- **PROBLEM TO WORK ON**: A single number is the whole answer: the count of lines in these entries that hold "blast".

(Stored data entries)
---------------

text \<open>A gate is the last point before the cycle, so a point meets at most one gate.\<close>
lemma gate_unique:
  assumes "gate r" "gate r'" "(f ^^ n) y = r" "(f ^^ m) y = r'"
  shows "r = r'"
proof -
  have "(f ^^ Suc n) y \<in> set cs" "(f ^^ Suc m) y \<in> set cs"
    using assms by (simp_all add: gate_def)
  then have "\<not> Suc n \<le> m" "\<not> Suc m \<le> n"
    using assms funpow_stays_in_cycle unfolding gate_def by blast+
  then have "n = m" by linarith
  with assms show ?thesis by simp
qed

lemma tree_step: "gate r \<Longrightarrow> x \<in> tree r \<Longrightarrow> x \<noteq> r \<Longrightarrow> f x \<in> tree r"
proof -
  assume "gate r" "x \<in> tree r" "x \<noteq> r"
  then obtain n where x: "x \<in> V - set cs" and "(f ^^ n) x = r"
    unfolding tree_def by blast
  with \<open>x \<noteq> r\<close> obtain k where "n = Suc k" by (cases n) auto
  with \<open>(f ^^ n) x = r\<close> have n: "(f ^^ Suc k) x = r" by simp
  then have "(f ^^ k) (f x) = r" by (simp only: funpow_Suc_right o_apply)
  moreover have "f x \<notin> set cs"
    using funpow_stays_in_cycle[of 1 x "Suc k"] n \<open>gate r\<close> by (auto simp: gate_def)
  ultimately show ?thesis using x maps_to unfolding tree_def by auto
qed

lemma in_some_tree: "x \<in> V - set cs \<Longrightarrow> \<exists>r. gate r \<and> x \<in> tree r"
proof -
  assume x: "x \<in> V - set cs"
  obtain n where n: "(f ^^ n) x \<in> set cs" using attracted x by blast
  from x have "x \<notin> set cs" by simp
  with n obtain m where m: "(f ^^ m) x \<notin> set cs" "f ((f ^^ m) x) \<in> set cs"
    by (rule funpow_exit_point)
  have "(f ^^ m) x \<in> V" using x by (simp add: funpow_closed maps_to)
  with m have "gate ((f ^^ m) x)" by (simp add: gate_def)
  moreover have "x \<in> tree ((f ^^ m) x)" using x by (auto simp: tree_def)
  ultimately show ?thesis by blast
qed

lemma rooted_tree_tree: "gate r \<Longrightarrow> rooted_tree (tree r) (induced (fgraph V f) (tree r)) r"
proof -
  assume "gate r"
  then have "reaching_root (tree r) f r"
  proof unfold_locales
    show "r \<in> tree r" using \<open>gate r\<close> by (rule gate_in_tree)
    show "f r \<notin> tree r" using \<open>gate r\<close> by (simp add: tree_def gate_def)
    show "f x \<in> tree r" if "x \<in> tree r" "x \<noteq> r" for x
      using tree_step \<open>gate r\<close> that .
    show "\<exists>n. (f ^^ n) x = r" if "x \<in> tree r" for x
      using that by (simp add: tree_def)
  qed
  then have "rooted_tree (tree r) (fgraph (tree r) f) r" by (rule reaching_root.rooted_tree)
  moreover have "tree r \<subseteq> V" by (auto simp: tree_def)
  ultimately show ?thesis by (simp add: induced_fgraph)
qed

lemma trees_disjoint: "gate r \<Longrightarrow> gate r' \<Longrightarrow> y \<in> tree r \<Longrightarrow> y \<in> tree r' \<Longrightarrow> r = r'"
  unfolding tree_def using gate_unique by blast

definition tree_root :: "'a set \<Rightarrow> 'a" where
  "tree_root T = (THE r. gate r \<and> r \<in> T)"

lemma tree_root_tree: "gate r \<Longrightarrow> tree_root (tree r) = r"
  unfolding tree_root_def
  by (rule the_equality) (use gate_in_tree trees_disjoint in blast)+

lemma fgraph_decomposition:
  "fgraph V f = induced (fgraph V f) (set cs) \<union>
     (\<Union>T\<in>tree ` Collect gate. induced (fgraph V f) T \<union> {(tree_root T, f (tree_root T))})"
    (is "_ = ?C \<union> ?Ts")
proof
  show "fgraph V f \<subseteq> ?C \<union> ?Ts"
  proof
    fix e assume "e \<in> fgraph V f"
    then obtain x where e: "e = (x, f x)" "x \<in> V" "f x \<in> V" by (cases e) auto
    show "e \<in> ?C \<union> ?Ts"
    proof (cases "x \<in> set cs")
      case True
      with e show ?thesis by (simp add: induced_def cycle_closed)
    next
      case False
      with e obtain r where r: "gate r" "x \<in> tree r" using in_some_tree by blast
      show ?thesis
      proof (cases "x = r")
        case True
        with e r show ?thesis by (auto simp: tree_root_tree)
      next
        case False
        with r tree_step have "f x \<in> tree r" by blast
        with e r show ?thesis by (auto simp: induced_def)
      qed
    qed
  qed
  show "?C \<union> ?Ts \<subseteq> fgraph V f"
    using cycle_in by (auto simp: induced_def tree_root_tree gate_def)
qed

---------------

- **WRITTEN REPLY**: 8